Davacı ile davalı satıcı arasında tapu sicil memuru huzurunda sözleşmenin düzenlendiği anda taşınmazın davalı belediye adına kayıtlı olduğu ve taşınmazın evveliyatının orman olduğuna dair tapu kaydında herhangi bir şerhin bulunmadığı, dolayısıyla davacının taşınmazın öncesinin orman olduğundan haberdar olmadan taşınmazı satın aldığı açıkça anlaşıldığı gibi bu yön tarafların ve
mahkemenin de kabulündedir. Anılan taşınmaz resmi memur önünde MK 706, BK 213, Tapu Kanunun 26 ve Noterlik Kanunu"nun 60 maddelerine uygun olarak davacıya satılmıştır. Satış tarihi itibarıyla tapuda satımı engelleyen veya taşınmazın niteliği ile ilgili herhangi bir şerhte bulunmamaktadır. Öyle olunca, yapılan satışın geçerli olduğunun kabulü zorunludur. Davacı da, geçerli olan bu satış sonrası dava dışı Orman İşletme Müdürlüğü’nün davaya konu taşınmazı üstün hakka dayanarak zaptetmesi nedeniyle davalı satıcının taşınmazın rayiç değerinden sorumlu olduğunu ileri sürerek eldeki davayı açmıştır.
BK"nun 189 maddesinin birinci bendinde, "satıcı, satılan şeyin bir üçüncü şahıs tarafından satımın akdi zamanında mevcut bir hak sebebi ile tamamen veya kısmen zaptedilmesinden alıcıya karşı mes"ul ve zamindir." düzenlemesine yer verilmiş olup, madde metninden de açıkça anlaşılacağı gibi, mevcut ayıp ister subjektif bir haktan, isterse objektif bir hukuk kuralından doğmuş olsun satıcı, devrini taahhüt edip gerçekleştirdiği hakkın kendi malvarlığında mevcut olduğu yönünü de zamindir. Devredilen hak, herhangi bir nedenle devri taahhüt edilen hakka uygunluk göstermiyorsa satıcı bundan sorumludur. Bu sorumlulukta alıcının zapt nedeniyle uğradığı gerçek zarar kadardır. Somut olayda, resmi şekle uygun olarak satış işlemi gerçekleştirilmiştir. Satış sırasında da taşınmazın tapu kaydında geçmişte orman olduğuna dair herhangi bir şerh bulunmamaktadır. Hâl böyle olunca davalı belediye zapta karşı tekeffül hükümleri uyarınca davacının gerçek ve güncel müspet zararından sorumludur. Nitekim Yargıtay Hukuk Genel Kurulu"nun 15.12.2010 tarih ve 2010/13-618 esas ve 2010/668 karar sayılı ilamı da bu yöndedir. Mahkemenin açıklanan bu ilkeler doğrultusunda inceleme ve araştırma yaparak taşınmazın dava tarihi itibariyle gerçek rayiç değerinin tespiti ile sonucuna uygun bir karar vermesi gerekirken eksik inceleme ile satış bedeline hükmedilmesi usul ve yasaya aykırı olup, bozmayı gerektirir.

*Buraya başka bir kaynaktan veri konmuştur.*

lemma EG_iff: "(a, b) \<in> EG \<longleftrightarrow>
    (a \<in> X1 \<and> b \<in> X1 \<and> a \<noteq> b) \<or> (a \<in> X2 \<and> b \<in> X2 \<and> a \<noteq> b) \<or>
    (a \<in> Y1 \<and> b \<in> Y1 \<and> a \<noteq> b) \<or> (a \<in> Y2 \<and> b \<in> Y2 \<and> a \<noteq> b) \<or>
    (a = u \<and> b \<in> X1 \<union> X2 \<union> Y1 \<union> Y2) \<or> (a \<in> X1 \<union> X2 \<union> Y1 \<union> Y2 \<and> b = u) \<or>
    (a = v \<and> b \<in> Y1 \<union> Y2) \<or> (a \<in> Y1 \<union> Y2 \<and> b = v) \<or>
    (a = w \<and> b \<in> Y1 \<union> Y2) \<or> (a \<in> Y1 \<union> Y2 \<and> b = w) \<or>
    (a = u \<and> b \<in> {v, w}) \<or> (a \<in> {v, w} \<and> b = u)"
  unfolding EG_eq Un_iff clique_edges_iff join_edges_iff singleton_iff by (simp only: disj_assoc)

lemma EH_iff: "(a, b) \<in> EH \<longleftrightarrow> (a, b) \<in> EG \<and>
    \<not> ((a \<in> X1 \<and> b \<in> X1 \<and> a \<noteq> b) \<or> (a \<in> X2 \<and> b \<in> X2 \<and> a \<noteq> b) \<or>
       (a = u \<and> b \<in> Y1) \<or> (a \<in> Y1 \<and> b = u) \<or> (a = u \<and> b \<in> {v, w}) \<or> (a \<in> {v, w} \<and> b = u))"
  unfolding EH_eq Diff_iff Un_iff clique_edges_iff join_edges_iff singleton_iff by (simp only: disj_assoc)

lemma EG_u: "x \<in> V \<Longrightarrow> x \<noteq> u \<Longrightarrow> (u, x) \<in> EG"
  unfolding V_eq EG_iff by blast

lemma EG_clique_X1: "a \<in> X1 \<Longrightarrow> b \<in> X1 \<Longrightarrow> a \<noteq> b \<Longrightarrow> (a, b) \<in> EG"
  unfolding EG_iff by blast

lemma EG_clique_X2: "a \<in> X2 \<Longrightarrow> b \<in> X2 \<Longrightarrow> a \<noteq> b \<Longrightarrow> (a, b) \<in> EG"
  unfolding EG_iff by blast

lemma EG_vw_Y: "z \<in> {v, w} \<Longrightarrow> y \<in> Y1 \<union> Y2 \<Longrightarrow> (z, y) \<in> EG \<and> (y, z) \<in> EG"
  unfolding EG_iff by blast

lemma EG_neighbour_X1:
  assumes "x \<in> X1" "(x, b) \<in> EG"
  shows "b \<in> X1 \<union> {u}"
proof -
  have "x \<notin> X2" "x \<notin> Y1" "x \<notin> Y2" "x \<noteq> u" "x \<noteq> v" "x \<noteq> w"
    using assms(1) disjoint hubs_disjoint by blast+
  then show ?thesis using assms unfolding EG_iff by auto
qed

lemma EH_u:
  assumes "x \<in> X1 \<union> X2 \<union> Y2"
  shows "(u, x) \<in> EH \<and> (x, u) \<in> EH"
proof -
  have "x \<notin> Y1" "x \<noteq> u" "x \<noteq> v" "x \<noteq> w" "u \<notin> X1" "u \<notin> X2"
    using assms disjoint hubs_disjoint by blast+
  then show ?thesis using assms unfolding EH_iff EG_iff by auto
qed

lemma EH_vw_Y: "z \<in> {v, w} \<Longrightarrow> y \<in> Y1 \<union> Y2 \<Longrightarrow> (z, y) \<in> EH \<and> (y, z) \<in> EH"
  using disjoint hubs_disjoint distinct unfolding EH_iff EG_iff by blast

lemma EH_clique_Y1: "a \<in> Y1 \<Longrightarrow> b \<in> Y1 \<Longrightarrow> a \<noteq> b \<Longrightarrow> (a, b) \<in> EH"
  using disjoint hubs_disjoint unfolding EH_iff EG_iff by blast

lemma EH_neighbour_X:
  assumes "x \<in> X1 \<union> X2" "(x, b) \<in> EH"
  shows "b = u"
proof -
  have "x \<notin> Y1" "x \<notin> Y2" "x \<noteq> u" "x \<noteq> v" "x \<noteq> w"
    using assms(1) disjoint hubs_disjoint by blast+
  then show ?thesis using assms unfolding EH_iff EG_iff by auto
qed

lemma EH_neighbour_Y1:
  assumes "y \<in> Y1" "(y, b) \<in> EH"
  shows "b \<in> Y1 \<union> {v, w}"
proof -
  have "y \<notin> X1" "y \<notin> X2" "y \<notin> Y2" "y \<noteq> u" "y \<noteq> v" "y \<noteq> w"
    using assms(1) disjoint hubs_disjoint by blast+
  then show ?thesis using assms unfolding EH_iff EG_iff by auto
qed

2-Bozma nedenine göre davalının temyiz itirazlarının incelenmesine gerek görülmemiştir.
SONUÇ: Yukarıda birinci bentte açıklanan nedenlerle temyiz olunan kararın davacı yararına BOZULMASINA, ikinci bentte gösterilen nedenle davalının temyiz itirazlarının incelenmesine bu aşamada yer olmadığına, peşin alınan harcın istek halinde iadesine, 14.02.2013 gününde oybirliğiyle karar verildi.